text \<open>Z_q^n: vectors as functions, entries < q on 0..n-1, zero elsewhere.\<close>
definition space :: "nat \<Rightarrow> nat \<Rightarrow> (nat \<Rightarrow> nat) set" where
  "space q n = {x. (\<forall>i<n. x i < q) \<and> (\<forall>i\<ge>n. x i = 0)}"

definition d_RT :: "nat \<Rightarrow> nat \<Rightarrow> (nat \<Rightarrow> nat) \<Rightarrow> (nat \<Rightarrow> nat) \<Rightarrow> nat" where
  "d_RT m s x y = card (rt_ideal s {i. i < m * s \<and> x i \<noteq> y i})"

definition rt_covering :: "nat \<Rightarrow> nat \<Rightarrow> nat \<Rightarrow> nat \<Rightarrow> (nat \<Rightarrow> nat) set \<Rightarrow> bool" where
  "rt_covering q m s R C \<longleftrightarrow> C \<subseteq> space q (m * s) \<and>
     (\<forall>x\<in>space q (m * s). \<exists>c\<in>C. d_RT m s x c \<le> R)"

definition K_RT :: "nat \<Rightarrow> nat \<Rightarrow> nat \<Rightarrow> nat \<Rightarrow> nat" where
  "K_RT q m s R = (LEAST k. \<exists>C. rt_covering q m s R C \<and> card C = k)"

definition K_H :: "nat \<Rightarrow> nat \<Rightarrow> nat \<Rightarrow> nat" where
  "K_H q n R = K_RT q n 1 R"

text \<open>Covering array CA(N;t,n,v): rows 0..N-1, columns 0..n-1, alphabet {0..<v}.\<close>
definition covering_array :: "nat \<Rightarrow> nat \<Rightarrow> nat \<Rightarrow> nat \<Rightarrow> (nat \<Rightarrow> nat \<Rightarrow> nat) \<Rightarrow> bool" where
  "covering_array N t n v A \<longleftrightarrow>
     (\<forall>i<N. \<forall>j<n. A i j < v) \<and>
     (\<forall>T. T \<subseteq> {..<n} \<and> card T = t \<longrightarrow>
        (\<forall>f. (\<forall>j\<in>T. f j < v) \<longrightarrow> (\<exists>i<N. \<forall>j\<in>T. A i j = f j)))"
──────
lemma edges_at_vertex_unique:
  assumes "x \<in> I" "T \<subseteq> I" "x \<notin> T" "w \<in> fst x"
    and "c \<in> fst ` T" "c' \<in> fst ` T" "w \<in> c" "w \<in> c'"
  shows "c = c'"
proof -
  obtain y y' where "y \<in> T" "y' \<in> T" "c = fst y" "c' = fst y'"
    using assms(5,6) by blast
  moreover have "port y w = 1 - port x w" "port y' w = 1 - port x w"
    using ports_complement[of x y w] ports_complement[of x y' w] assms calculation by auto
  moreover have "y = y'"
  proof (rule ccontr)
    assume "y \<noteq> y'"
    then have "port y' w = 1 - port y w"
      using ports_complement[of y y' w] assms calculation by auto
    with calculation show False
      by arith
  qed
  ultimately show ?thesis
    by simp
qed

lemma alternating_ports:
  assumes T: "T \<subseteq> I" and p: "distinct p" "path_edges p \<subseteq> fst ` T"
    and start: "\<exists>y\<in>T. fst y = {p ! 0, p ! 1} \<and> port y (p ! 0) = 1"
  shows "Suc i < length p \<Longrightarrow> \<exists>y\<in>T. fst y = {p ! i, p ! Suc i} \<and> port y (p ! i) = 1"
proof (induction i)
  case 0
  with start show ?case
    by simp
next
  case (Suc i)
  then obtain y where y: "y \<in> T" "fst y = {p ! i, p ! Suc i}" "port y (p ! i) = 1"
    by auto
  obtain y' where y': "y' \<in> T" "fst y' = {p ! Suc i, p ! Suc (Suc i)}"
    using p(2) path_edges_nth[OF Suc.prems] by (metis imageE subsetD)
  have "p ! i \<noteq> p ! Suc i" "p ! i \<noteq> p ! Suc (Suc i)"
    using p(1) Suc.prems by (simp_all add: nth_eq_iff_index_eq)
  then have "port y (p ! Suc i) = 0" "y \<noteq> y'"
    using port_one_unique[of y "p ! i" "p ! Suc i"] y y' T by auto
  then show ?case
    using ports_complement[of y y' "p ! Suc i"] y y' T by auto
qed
──────
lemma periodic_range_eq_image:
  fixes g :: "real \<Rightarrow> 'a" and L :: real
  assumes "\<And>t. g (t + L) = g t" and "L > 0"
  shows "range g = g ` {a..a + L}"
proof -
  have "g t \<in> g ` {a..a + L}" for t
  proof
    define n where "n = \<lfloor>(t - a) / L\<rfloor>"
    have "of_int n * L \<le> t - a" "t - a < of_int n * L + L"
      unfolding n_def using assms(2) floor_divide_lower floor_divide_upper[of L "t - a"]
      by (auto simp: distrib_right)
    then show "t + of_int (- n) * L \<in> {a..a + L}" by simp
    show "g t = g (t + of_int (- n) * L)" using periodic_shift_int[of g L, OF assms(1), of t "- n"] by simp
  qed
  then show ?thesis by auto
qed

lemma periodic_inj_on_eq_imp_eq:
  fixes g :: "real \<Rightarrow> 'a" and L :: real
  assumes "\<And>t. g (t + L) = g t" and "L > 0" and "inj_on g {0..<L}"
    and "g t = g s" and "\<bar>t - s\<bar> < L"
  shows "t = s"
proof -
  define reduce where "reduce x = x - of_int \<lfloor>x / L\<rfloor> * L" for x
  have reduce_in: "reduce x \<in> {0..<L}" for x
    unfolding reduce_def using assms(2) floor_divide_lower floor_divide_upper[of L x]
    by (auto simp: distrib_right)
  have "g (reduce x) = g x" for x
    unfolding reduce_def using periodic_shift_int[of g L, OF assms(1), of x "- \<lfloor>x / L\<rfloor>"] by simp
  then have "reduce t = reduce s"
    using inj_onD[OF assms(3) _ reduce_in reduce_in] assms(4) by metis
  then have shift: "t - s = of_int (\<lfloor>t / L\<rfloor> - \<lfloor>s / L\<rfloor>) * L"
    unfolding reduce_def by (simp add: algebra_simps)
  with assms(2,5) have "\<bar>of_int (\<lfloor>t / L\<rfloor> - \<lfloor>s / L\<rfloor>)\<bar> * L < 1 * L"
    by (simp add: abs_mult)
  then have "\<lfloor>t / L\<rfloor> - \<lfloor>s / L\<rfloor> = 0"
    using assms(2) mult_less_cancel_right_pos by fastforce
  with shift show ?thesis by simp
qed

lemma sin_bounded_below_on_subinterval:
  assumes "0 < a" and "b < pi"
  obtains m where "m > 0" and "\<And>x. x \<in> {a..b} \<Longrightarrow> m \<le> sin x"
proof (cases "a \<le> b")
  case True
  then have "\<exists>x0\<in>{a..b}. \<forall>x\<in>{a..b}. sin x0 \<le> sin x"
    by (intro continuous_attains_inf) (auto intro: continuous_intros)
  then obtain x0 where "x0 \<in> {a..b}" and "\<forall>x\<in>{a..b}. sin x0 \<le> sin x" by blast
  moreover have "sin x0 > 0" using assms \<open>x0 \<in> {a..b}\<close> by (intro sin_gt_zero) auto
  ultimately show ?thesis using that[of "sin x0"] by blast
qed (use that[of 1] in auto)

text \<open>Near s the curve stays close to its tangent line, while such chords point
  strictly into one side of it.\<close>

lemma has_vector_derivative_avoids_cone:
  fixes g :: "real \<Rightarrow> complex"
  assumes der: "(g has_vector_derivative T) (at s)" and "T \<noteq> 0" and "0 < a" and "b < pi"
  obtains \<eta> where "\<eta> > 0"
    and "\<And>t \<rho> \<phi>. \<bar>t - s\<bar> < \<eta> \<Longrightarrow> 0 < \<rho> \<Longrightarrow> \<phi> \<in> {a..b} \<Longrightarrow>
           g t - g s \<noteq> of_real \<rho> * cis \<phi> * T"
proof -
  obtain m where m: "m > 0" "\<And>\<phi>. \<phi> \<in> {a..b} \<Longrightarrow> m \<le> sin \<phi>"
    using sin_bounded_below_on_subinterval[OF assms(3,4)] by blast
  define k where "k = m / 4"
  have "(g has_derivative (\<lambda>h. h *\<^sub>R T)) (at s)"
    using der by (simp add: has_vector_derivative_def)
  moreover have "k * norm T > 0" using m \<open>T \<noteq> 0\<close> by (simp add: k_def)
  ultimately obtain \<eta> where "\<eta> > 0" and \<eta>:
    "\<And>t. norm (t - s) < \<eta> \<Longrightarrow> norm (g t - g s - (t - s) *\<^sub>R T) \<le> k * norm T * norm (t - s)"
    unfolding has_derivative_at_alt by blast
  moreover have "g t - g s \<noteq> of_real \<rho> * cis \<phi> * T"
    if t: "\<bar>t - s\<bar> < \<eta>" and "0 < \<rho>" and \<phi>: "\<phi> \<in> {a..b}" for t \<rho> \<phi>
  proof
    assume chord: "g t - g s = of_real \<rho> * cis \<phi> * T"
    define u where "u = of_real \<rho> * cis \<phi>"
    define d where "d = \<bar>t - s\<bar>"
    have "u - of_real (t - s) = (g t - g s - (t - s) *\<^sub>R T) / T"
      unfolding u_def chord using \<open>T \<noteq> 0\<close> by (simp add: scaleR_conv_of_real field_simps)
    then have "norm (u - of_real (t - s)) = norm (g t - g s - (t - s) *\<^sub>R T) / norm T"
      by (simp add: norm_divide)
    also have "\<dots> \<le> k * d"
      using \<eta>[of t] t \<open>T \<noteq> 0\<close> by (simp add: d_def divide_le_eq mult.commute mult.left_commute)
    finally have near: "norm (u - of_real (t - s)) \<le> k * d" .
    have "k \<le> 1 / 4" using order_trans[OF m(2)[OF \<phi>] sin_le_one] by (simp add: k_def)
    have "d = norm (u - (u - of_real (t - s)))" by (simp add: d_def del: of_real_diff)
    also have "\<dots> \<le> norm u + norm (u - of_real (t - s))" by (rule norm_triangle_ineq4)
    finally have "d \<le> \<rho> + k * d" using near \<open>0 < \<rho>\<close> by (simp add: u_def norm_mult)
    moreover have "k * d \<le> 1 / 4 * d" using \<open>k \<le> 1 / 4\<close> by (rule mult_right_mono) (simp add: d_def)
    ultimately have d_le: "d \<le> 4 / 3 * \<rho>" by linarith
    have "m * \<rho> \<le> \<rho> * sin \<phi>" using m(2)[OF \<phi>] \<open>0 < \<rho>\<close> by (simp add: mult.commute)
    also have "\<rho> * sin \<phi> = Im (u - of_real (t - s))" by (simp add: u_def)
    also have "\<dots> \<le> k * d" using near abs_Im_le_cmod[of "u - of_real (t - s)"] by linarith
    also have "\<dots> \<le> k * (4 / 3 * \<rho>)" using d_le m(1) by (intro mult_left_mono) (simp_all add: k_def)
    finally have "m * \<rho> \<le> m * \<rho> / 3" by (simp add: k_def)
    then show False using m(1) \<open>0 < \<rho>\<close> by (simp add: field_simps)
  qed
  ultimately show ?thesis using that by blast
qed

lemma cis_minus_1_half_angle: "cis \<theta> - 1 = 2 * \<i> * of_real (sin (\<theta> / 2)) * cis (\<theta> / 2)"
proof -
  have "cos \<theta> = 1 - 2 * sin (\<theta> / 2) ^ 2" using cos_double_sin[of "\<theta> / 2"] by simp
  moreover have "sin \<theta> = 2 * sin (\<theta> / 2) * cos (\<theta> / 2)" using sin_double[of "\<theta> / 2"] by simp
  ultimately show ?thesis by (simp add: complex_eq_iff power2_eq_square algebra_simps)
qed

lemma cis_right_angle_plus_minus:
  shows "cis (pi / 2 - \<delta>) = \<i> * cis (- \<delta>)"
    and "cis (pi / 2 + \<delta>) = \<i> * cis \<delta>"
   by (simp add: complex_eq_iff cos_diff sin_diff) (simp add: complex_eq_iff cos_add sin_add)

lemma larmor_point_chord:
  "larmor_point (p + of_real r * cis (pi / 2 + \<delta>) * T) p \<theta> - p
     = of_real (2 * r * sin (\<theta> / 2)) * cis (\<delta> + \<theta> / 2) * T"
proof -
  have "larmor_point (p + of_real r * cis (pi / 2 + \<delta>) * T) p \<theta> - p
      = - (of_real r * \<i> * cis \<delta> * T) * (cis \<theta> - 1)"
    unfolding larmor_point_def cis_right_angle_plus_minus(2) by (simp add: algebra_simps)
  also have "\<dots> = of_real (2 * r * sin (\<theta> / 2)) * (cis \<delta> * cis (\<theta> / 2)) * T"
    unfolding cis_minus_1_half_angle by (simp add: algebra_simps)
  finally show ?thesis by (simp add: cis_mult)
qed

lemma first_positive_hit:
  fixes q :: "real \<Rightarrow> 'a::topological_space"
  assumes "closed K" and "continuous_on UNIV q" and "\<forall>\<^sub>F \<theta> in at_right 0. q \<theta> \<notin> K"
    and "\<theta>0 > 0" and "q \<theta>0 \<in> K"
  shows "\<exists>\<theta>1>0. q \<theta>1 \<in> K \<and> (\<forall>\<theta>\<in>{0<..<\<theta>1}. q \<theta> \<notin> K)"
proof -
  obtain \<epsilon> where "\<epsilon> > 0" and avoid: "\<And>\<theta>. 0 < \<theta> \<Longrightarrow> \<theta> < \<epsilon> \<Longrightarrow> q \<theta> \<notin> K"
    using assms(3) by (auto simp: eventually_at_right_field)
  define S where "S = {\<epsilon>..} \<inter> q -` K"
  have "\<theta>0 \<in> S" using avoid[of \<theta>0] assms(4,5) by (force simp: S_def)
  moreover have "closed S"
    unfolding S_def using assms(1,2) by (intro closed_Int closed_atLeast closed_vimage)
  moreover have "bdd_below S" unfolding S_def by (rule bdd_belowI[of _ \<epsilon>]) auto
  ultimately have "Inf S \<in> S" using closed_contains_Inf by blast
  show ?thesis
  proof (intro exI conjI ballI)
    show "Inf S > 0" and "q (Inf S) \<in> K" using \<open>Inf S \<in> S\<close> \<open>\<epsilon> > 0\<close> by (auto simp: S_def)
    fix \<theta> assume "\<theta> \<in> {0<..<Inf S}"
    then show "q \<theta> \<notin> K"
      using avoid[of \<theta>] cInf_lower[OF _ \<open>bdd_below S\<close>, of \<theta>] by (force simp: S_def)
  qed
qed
──────
Please transcribe exactly the lines above from the line that has "text \<open>Z_q^n: vectors" up to and including the line that has "(\<forall>T. T \<subseteq>"; no other line belongs in the answer.

text \<open>Z_q^n: vectors as functions, entries < q on 0..n-1, zero elsewhere.\<close>
definition space :: "nat \<Rightarrow> nat \<Rightarrow> (nat \<Rightarrow> nat) set" where
  "space q n = {x. (\<forall>i<n. x i < q) \<and> (\<forall>i\<ge>n. x i = 0)}"

definition d_RT :: "nat \<Rightarrow> nat \<Rightarrow> (nat \<Rightarrow> nat) \<Rightarrow> (nat \<Rightarrow> nat) \<Rightarrow> nat" where
  "d_RT m s x y = card (rt_ideal s {i. i < m * s \<and> x i \<noteq> y i})"

definition rt_covering :: "nat \<Rightarrow> nat \<Rightarrow> nat \<Rightarrow> nat \<Rightarrow> (nat \<Rightarrow> nat) set \<Rightarrow> bool" where
  "rt_covering q m s R C \<longleftrightarrow> C \<subseteq> space q (m * s) \<and>
     (\<forall>x\<in>space q (m * s). \<exists>c\<in>C. d_RT m s x c \<le> R)"

definition K_RT :: "nat \<Rightarrow> nat \<Rightarrow> nat \<Rightarrow> nat \<Rightarrow> nat" where
  "K_RT q m s R = (LEAST k. \<exists>C. rt_covering q m s R C \<and> card C = k)"

definition K_H :: "nat \<Rightarrow> nat \<Rightarrow> nat \<Rightarrow> nat" where
  "K_H q n R = K_RT q n 1 R"

text \<open>Covering array CA(N;t,n,v): rows 0..N-1, columns 0..n-1, alphabet {0..<v}.\<close>
definition covering_array :: "nat \<Rightarrow> nat \<Rightarrow> nat \<Rightarrow> nat \<Rightarrow> (nat \<Rightarrow> nat \<Rightarrow> nat) \<Rightarrow> bool" where
  "covering_array N t n v A \<longleftrightarrow>
     (\<forall>i<N. \<forall>j<n. A i j < v) \<and>
     (\<forall>T. T \<subseteq> {..<n} \<and> card T = t \<longrightarrow>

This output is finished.